Правда, мы можем отправиться в поездку. Но с приближением цели, когда
она становится реальной, место отправления удаляется и заменяет цель поездки
в ирреальности воспоминаний; мы достигаем одного и теряем другое.
Удаленность, она в нас, она подлинное условие бытия человеческого.
Конечно, всякая удаленность болезненна, и в немногословии родины и
провинции тоже. В городе хочется деревни. В деревне - города.
Но большое путешествие, предпринятое, когда вам за двадцать,
решительная эмиграция придает чужому, покинутому нами краю религиозную
удаленность, полную изумления чуждость.
И это не оплакивание несостоявшейся всерьез и навсегда эмиграции и не
сожаление о том, что приходится жить на родине.
Там мечталось о родине, как на родине мечталось о загранице.
Но первое большое путешествие оставляет в молодых людях любого уровня
развития и восприимчивости несогласие с тем, что привычки не могут все
уладить; точное представление об океанах, о портах, о разлуках; в уме оно
создает почти новую форму, новую категорию, категорию удаленности и,
пожалуй, представление обо всех далеких землях.
Может, это порок.

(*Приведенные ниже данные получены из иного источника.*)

(* Let $T$ be a bounded, linear, positive operator on $L^2(G,\mathbb{C}^{s\times r})$ that is adjointable with respect to the matrix-valued inner product, and let $\{E_k\}_{k\in\mathbb{N}}$ be a matrix-valued orthonormal basis for $L^2(G,\mathbb{C}^{s\times r})$. Then for every $n\in\mathbb{N}$, $\{(I+T+T^2+\cdots+T^n)E_k\}_{k\in\mathbb{N}}$ is a matrix-valued Riesz basis for $L^2(G,\mathbb{C}^{s\times r})$, where $I$ is the identity operator.
   Context: $G$ is a locally compact abelian group that is metrizable and $\sigma$-compact, with Haar measure $\mu_G$; $s,r\in\mathbb{N}$. $L^2(G,\mathbb{C}^{s\times r})$ is the space of $s\times r$ matrices $\mathbf{f}=[f_{ij}]$ with all entries in $L^2(G)$. The matrix-valued inner product is $\langle \mathbf{f},\mathbf{g}\rangle=\int_G \mathbf{f}(x)\mathbf{g}^*(x)\,d\mu_G\in M_s(\mathbb{C})$ (entrywise integral). $L^2(G,\mathbb{C}^{s\times r})$ is a Hilbert space with inner product $\langle \mathbf{f},\mathbf{g}\rangle_{L^2}=\mathrm{tr}\langle \mathbf{f},\mathbf{g}\rangle$ and Frobenius norm $\|\mathbf{f}\|=(\sum_{i,j}\int_G|f_{ij}|^2d\mu_G)^{1/2}$; $U^*$ denotes the Hilbert-adjoint with respect to this inner product. $U$ is adjointable with respect to the matrix-valued inner product if $\langle U\mathbf{f},\mathbf{g}\rangle=\langle\mathbf{f},U^*\mathbf{g}\rangle$ for all $\mathbf{f},\mathbf{g}$. A bounded operator $T$ is positive if $T^*=T$ and $\mathrm{tr}\langle T\mathbf{f},\mathbf{f}\rangle\ge0$ for all $\mathbf{f}$. A matrix-valued orthonormal basis is a sequence $\{E_k\}_{k\in\mathbb{N}}$ with $\langle E_k,E_j\rangle=\mathbf{I}_{s\times s}$ if $k=j$ and $\mathbf{O}_{s\times s}$ otherwise, such that $\mathbf{f}=\sum_k\langle\mathbf{f},E_k\rangle E_k$ in Frobenius norm for all $\mathbf{f}$. A matrix-valued Riesz basis is a family $\{UE_k\}_{k\in\mathbb{N}}$ with $\{E_k\}$ a matrix-valued orthonormal basis and $U$ bounded, linear, bijective and adjointable with respect to the matrix-valued inner product. *)

theory Defs
  imports "HOL-Analysis.Analysis"
begin
(* Suppose $\|W_{\theta,\lambda}\|_{\mathrm{tr}}\le\rho$ for all $\theta\in\Theta$, $\lambda\in\Lambda$, and that each $k_\theta$ is stationary: $k_\theta(x,x')=\tilde k_\theta(\|x-x'\|)$ for some $\tilde k_\theta:[0,\infty)\to[0,\infty)$. For $\tilde\theta\in\Theta$ let $\Theta(\tilde\theta):=\{\theta\in\Theta: k_\theta(0,0)\le k_{\tilde\theta}(0,0)\}$ (where $k_\theta(0,0)=\tilde k_\theta(0)$). Then for any $\tilde\theta\in\Theta$ and any training observations $\{(x_i,y_i)\}_{i=1}^n$, $$\mathcal{R}_n(F_n(\Theta(\tilde\theta),\Lambda))\le 2\rho\sqrt{k_{\tilde\theta}(0,0)}.$$
   Context: MCE class setting: $\mathcal{X}\subseteq\mathbb{R}^d$, $\mathcal{Y}=\mathbb{N}_m:=\{1,\dots,m\}$, $\{k_\theta\}_{\theta\in\Theta}$ is a family of symmetric positive definite kernels on $\mathcal{X}$ with RKHS $\mathcal{H}_{k_\theta}$ and feature map $\phi_\theta(x)=k_\theta(x,\cdot)$, and $\Lambda\subseteq(0,\infty)$. Fix training observations $\{(x_i,y_i)\}_{i=1}^n\subset\mathcal{X}\times\mathbb{N}_m$; let $\mathbf{Y}\in\{0,1\}^{n\times m}$ with $\mathbf{Y}_{ic}=\mathbb{1}[y_i=c]$, $(K_\theta)_{ij}=k_\theta(x_i,x_j)$, $\mathbf{k}_\theta(x)=(k_\theta(x_i,x))_{i=1}^n$, $\Phi_\theta=[\phi_\theta(x_1)\cdots\phi_\theta(x_n)]$. The MCE decision function is $\mathbf{f}_{\theta,\lambda}(x):=\mathbf{Y}^T(K_\theta+n\lambda I)^{-1}\mathbf{k}_\theta(x)\in\mathbb{R}^m$, which equals $W_{\theta,\lambda}^T\phi_\theta(x)$ for $W_{\theta,\lambda}:=\Phi_\theta(K_\theta+n\lambda I)^{-1}\mathbf{Y}$; its trace norm is $\|W_{\theta,\lambda}\|_{\mathrm{tr}}=\sqrt{\mathrm{trace}(\mathbf{Y}^T(K_\theta+n\lambda I)^{-1}K_\theta(K_\theta+n\lambda I)^{-1}\mathbf{Y})}$. For $\Theta'\subseteq\Theta$, $F_n(\Theta',\Lambda):=\{\mathbf{f}_{\theta,\lambda}:\theta\in\Theta',\lambda\in\Lambda\}$. For a class $F$ of functions $\mathcal{X}\to\mathbb{R}^m$, $\mathcal{R}_n(F):=\mathbb{E}\big[\sup_{f\in F}\|\tfrac{2}{n}\sum_{i=1}^n\sigma_i f(X_i)\|\big]$, with Euclidean norm, $\sigma_i$ i.i.d. uniform on $\{-1,1\}$, and $X_i$ i.i.d. from $\mathbb{P}_X$ independent of the $\sigma_i$. *)

theory Defs
  imports "HOL-Analysis.Analysis" "HOL-Probability.Probability"
begin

Кто был в Китае, хотел бы попробовать Аргентину,
Трансвааль, Аляску. Кто был в Мексике, расстраивается, когда слышит
разговоры об Индии, Австралии, Китае. Эти географические названия, вновь
мелькнувшие своими красками и меланхолией, теперь они - достижимы, реальны и
очаровательны. Кто испытал удаленность, вряд ли потеряет к ней вкус.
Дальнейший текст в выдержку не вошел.